Levine, the New Jersey CPA, is used to fielding tax questions at social functions, but he wasn’t prepared for what he learned when dining out with friends one evening.

“I was talking to a gentleman I didn’t know at the time, and the conversation turned to our occupations,” Levine recalls. “I told him I’m a CPA and he said, ‘Oh, a CPA! I have a question for you. Can I deduct commuting expenses to my job?'”

I asked a few questions and found out he just went back and forth to his regular place of employment as an employee. “No, sorry,” Levine informed him. “Your commuting expense is not deductible.”

“Oh no,” the man replied. “I hope I don’t get audited. The bartender who does my taxes said I could deduct it.”

Levine stifled a spit take.

“You don’t come to me when you want a drink,” he advised the gentleman. “Perhaps you shouldn’t go to a bartender to get your taxes done.”


Wait! The Pacific Ocean is nearby, too!

Wait! The Pacific Ocean is nearby, too! © Kim Ruoff/Shutterstock.com

We’ve heard some whoppers over the years involving attempts to justify a tax deduction for a new swimming pool, but this seemingly rational one from the client of a Northern California CPA quickly headed off the rails.
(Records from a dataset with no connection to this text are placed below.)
(* Let $G$ be a graph whose adjacency matrix has exactly two eigenvalues (counted with multiplicity) different from $\pm1$, namely $r>1$ and $s<-1$; all other eigenvalues are equal to $1$ or $-1$. (i) One connected component of $G$ has all vertex degrees at least $2$, and all other connected components are isomorphic to $K_2$. (ii) If $u$ and $v$ are distinct vertices of $G$ with degrees $d_u$ and $d_v$, and every neighbor of $u$ is also a neighbor of $v$, then $d_v-d_u\geq 3$.
   Context: Graphs are finite, simple and undirected; eigenvalues of a graph are those of its adjacency matrix. *)

theory Defs
  imports "Jordan_Normal_Form.Char_Poly"
begin

definition simple_graph :: "nat \<Rightarrow> (nat \<Rightarrow> nat \<Rightarrow> bool) \<Rightarrow> bool" where
  "simple_graph n E \<longleftrightarrow> (\<forall>u v. E u v \<longrightarrow> u < n \<and> v < n) \<and>
     (\<forall>u v. E u v \<longrightarrow> E v u) \<and> (\<forall>u. \<not> E u u)"

definition adj_matrix :: "nat \<Rightarrow> (nat \<Rightarrow> nat \<Rightarrow> bool) \<Rightarrow> real mat" where
  "adj_matrix n E = mat n n (\<lambda>(i,j). if E i j then 1 else 0)"

definition neighbors :: "nat \<Rightarrow> (nat \<Rightarrow> nat \<Rightarrow> bool) \<Rightarrow> nat \<Rightarrow> nat set" where
  "neighbors n E v = {w. w < n \<and> E v w}"

definition degree :: "nat \<Rightarrow> (nat \<Rightarrow> nat \<Rightarrow> bool) \<Rightarrow> nat \<Rightarrow> nat" where
  "degree n E v = card (neighbors n E v)"

definition reachable :: "(nat \<Rightarrow> nat \<Rightarrow> bool) \<Rightarrow> nat \<Rightarrow> nat \<Rightarrow> bool" where
  "reachable E u v \<longleftrightarrow> E\<^sup>*\<^sup>* u v"

definition components :: "nat \<Rightarrow> (nat \<Rightarrow> nat \<Rightarrow> bool) \<Rightarrow> nat set set" where
  "components n E = (\<lambda>v. {w. w < n \<and> reachable E v w}) ` {0..<n}"

definition component_is_K2 :: "(nat \<Rightarrow> nat \<Rightarrow> bool) \<Rightarrow> nat set \<Rightarrow> bool" where
  "component_is_K2 E C \<longleftrightarrow> (\<exists>a b. a \<noteq> b \<and> C = {a, b} \<and> E a b)"

end

theory Submission
  imports Defs "Jordan_Normal_Form.Schur_Decomposition"
begin

text \<open>Write A for the adjacency matrix. A Schur triangularisation of A and the Cayley-Hamilton
theorem for triangular matrices give (A - r)(A - s)(A - 1)^a(A + 1)^b = 0, and since A is symmetric
the repeated factors can be dropped. Hence A^2 = 1 + (r^2 - 1) P + (s^2 - 1) Q, where P and Q are
the orthogonal projections onto the r- and s-eigenspaces, and trace P = 1 because r is simple.

In particular A^2 - 1 is positive semidefinite. Its 2x2 principal minors give (ii), and show that
every vertex has degree at least 1 and that a vertex of degree 1 lies in a K_2 component.
Each component C whose degrees are all at least 2 contributes at least 1 to trace P: the
diagonal of P cannot vanish on C (otherwise an s-eigenvector supported on C would be fixed by
taking absolute values, although A maps nonnegative vectors to nonnegative ones), and a column of
P restricted to C is again fixed by P. As trace P = 1, there is at most one such component, and
there is one since otherwise A^2 = 1 and P = 0.\<close>

text \<open>Square matrices of size n are modelled as real functions on pairs of indices that vanish
outside {..<n} x {..<n}; products then need no dimension side conditions.\<close>

type_synonym fmat = "nat \<Rightarrow> nat \<Rightarrow> real"

definition fm_upper :: "fmat \<Rightarrow> bool" where "fm_upper X \<longleftrightarrow> (\<forall>i j. j < i \<longrightarrow> X i j = 0)"

definition fm_sym :: "fmat \<Rightarrow> bool" where "fm_sym X \<longleftrightarrow> (\<forall>i j. X i j = X j i)"

lemma fm_symD: "fm_sym X \<Longrightarrow> X i j = X j i" by (simp add: fm_sym_def)

context fixes n :: nat begin

definition fm_mult :: "fmat \<Rightarrow> fmat \<Rightarrow> fmat" where
  "fm_mult X Y = (\<lambda>i j. if i < n \<and> j < n then (\<Sum>k<n. X i k * Y k j) else 0)"

definition fm_one :: fmat where "fm_one = (\<lambda>i j. if i = j \<and> i < n then 1 else 0)"

definition fm_supported :: "fmat \<Rightarrow> bool" where
  "fm_supported X \<longleftrightarrow> (\<forall>i j. \<not> (i < n \<and> j < n) \<longrightarrow> X i j = 0)"

definition fm_shift :: "fmat \<Rightarrow> real \<Rightarrow> fmat" where "fm_shift X c = (\<lambda>i j. X i j - c * fm_one i j)"

fun fm_shift_prod :: "fmat \<Rightarrow> real list \<Rightarrow> fmat" where
  "fm_shift_prod X [] = fm_one"
| "fm_shift_prod X (c # cs) = fm_mult (fm_shift X c) (fm_shift_prod X cs)"

definition fm_trace :: "fmat \<Rightarrow> real" where "fm_trace X = (\<Sum>i<n. X i i)"

definition fm_mult_vec :: "fmat \<Rightarrow> (nat \<Rightarrow> real) \<Rightarrow> nat \<Rightarrow> real" where
  "fm_mult_vec X y = (\<lambda>i. \<Sum>k<n. X i k * y k)"

definition fm_quad :: "fmat \<Rightarrow> (nat \<Rightarrow> real) \<Rightarrow> real" where
  "fm_quad X y = (\<Sum>k<n. \<Sum>l<n. y k * X k l * y l)"

lemma fm_supported_mult [simp]: "fm_supported (fm_mult X Y)"
  by (simp add: fm_supported_def fm_mult_def)

lemma fm_supported_one [simp]: "fm_supported fm_one"
  by (simp add: fm_supported_def fm_one_def)

lemma fm_supported_shift [simp]: "fm_supported X \<Longrightarrow> fm_supported (fm_shift X c)"
  by (simp add: fm_supported_def fm_shift_def fm_one_def)

lemma fm_supported_shift_prod [simp]: "fm_supported (fm_shift_prod X cs)"
  by (cases cs) auto

lemma fm_mult_assoc: "fm_mult (fm_mult X Y) Z = fm_mult X (fm_mult Y Z)"
proof (intro ext)
  fix i j
  show "fm_mult (fm_mult X Y) Z i j = fm_mult X (fm_mult Y Z) i j"
  proof (cases "i < n \<and> j < n")
    case True
    have "(\<Sum>k<n. (\<Sum>l<n. X i l * Y l k) * Z k j) = (\<Sum>k<n. \<Sum>l<n. X i l * Y l k * Z k j)"
      by (simp add: sum_distrib_right)
    also have "\<dots> = (\<Sum>l<n. \<Sum>k<n. X i l * Y l k * Z k j)" by (rule sum.swap)
    also have "\<dots> = (\<Sum>l<n. X i l * (\<Sum>k<n. Y l k * Z k j))"
      by (simp add: sum_distrib_left mult.assoc)
    finally show ?thesis using True by (simp add: fm_mult_def)
  qed (auto simp: fm_mult_def)
qed

lemma fm_mult_one_left: assumes "fm_supported X" shows "fm_mult fm_one X = X"
proof -
  have "fm_one i k * X k j = (if k = i then X i j else 0)" if "i < n" for i j k
    using that by (simp add: fm_one_def)
  then show ?thesis using assms by (auto simp: fm_mult_def fm_supported_def fun_eq_iff)
qed

lemma fm_mult_one_right: assumes "fm_supported X" shows "fm_mult X fm_one = X"
proof -
  have "X i k * fm_one k j = (if k = j then X i j else 0)" if "j < n" for i j k
    using that by (simp add: fm_one_def)
  then show ?thesis using assms by (auto simp: fm_mult_def fm_supported_def fun_eq_iff)
qed

lemma fm_mult_zero_left [simp]: "fm_mult (\<lambda>_ _. 0) X = (\<lambda>_ _. 0)"
  by (simp add: fm_mult_def fun_eq_iff)

lemma fm_mult_zero_right [simp]: "fm_mult X (\<lambda>_ _. 0) = (\<lambda>_ _. 0)"
  by (simp add: fm_mult_def fun_eq_iff)

lemma fm_mult_scale_left: "fm_mult (\<lambda>i j. c * Y i j) X = (\<lambda>i j. c * fm_mult Y X i j)"
  by (auto simp: fm_mult_def fun_eq_iff sum_distrib_left algebra_simps)

lemma fm_mult_scale_right: "fm_mult X (\<lambda>i j. c * Y i j) = (\<lambda>i j. c * fm_mult X Y i j)"
  by (auto simp: fm_mult_def fun_eq_iff sum_distrib_left algebra_simps)

lemma fm_mult_diff_left: "fm_mult (\<lambda>i j. Y i j - Z i j) X = (\<lambda>i j. fm_mult Y X i j - fm_mult Z X i j)"
  by (auto simp: fm_mult_def fun_eq_iff sum_subtractf algebra_simps)

lemma fm_mult_diff_right: "fm_mult X (\<lambda>i j. Y i j - Z i j) = (\<lambda>i j. fm_mult X Y i j - fm_mult X Z i j)"
  by (auto simp: fm_mult_def fun_eq_iff sum_subtractf algebra_simps)

lemma fm_mult_shift_left:
  "fm_supported Y \<Longrightarrow> fm_mult (fm_shift X c) Y = (\<lambda>i j. fm_mult X Y i j - c * Y i j)"
  unfolding fm_shift_def
  by (simp add: fm_mult_diff_left fm_mult_scale_left fm_mult_one_left)

lemma fm_mult_shift_right:
  "fm_supported Y \<Longrightarrow> fm_mult Y (fm_shift X c) = (\<lambda>i j. fm_mult Y X i j - c * Y i j)"
  unfolding fm_shift_def
  by (simp add: fm_mult_diff_right fm_mult_scale_right fm_mult_one_right)

lemma fm_shift_prod_append:
  "fm_supported X \<Longrightarrow> fm_shift_prod X (xs @ ys) = fm_mult (fm_shift_prod X xs) (fm_shift_prod X ys)"
  by (induction xs) (auto simp: fm_mult_one_left fm_mult_assoc)

lemma fm_shift_commute:
  assumes "fm_supported X"
  shows "fm_mult (fm_shift X a) (fm_shift X b) = fm_mult (fm_shift X b) (fm_shift X a)"
proof -
  have "fm_mult (fm_shift X a) (fm_shift X b)
      = (\<lambda>i j. fm_mult X X i j - (a + b) * X i j + (a * b) * fm_one i j)" for a b
    using assms by (simp only: fm_mult_shift_left fm_supported_shift fm_mult_shift_right)
      (simp add: fm_shift_def algebra_simps)
  then show ?thesis by (simp add: algebra_simps)
qed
“My sweet, gray-haired client wanted to deduct a swimming pool because her doctor had prescribed daily swimming to rehab her knee,” the CPA recalls. “I told her she’d need a letter from the doctor and an appraisal to see how much her house had increased in value because of the pool, since tax law says you reduce the medical deduction by the increase in the home’s value.”

The elderly client gave that some thought, then replied that an appraisal wouldn’t be necessary because it was an above-ground pool.

End of story? Not quite.

“She went on to say that besides that, the pool was in her son’s backyard and he also had a bad knee,” the CPA chuckles. “I didn’t ask if her grandchildren had inherited the family knee problems.”


Can’t you get them over the counter?

Can't you get them over the counter? © Photo by Liu Wen Cheng

Finally, lest any installment of our craziest tax tales lack for a working girl story, New Jersey CPA Martin Abo obliges with one he spotted in the U.S. Tax Court files.

In the case of William G. Halby v. Commissioner of Internal Revenue, the court denied an attempt by a retired New York lawyer to claim more than $100,000 in payments to prostitutes and the purchase of pornography as medical expense deductions.

The judge observed, “Petitioner did not visit these prostitutes as part of a course of therapy prescribed by his doctor, nor did petitioner ask his doctor to prescribe any sort of sex therapy.”

In his defense, the appellant referenced book and magazine articles about the positive health benefits of sex therapy and argued that he should be allowed a deduction, despite the illegality of his conduct and absence of a prescription for prostitutes.

“I was telling a divorce attorney colleague about this case,” Abo recalls, “and she told me that, under that theory, she should be entitled to deduct her Chanel pocketbook for the, uh, satisfaction she receives from owning and carrying such.”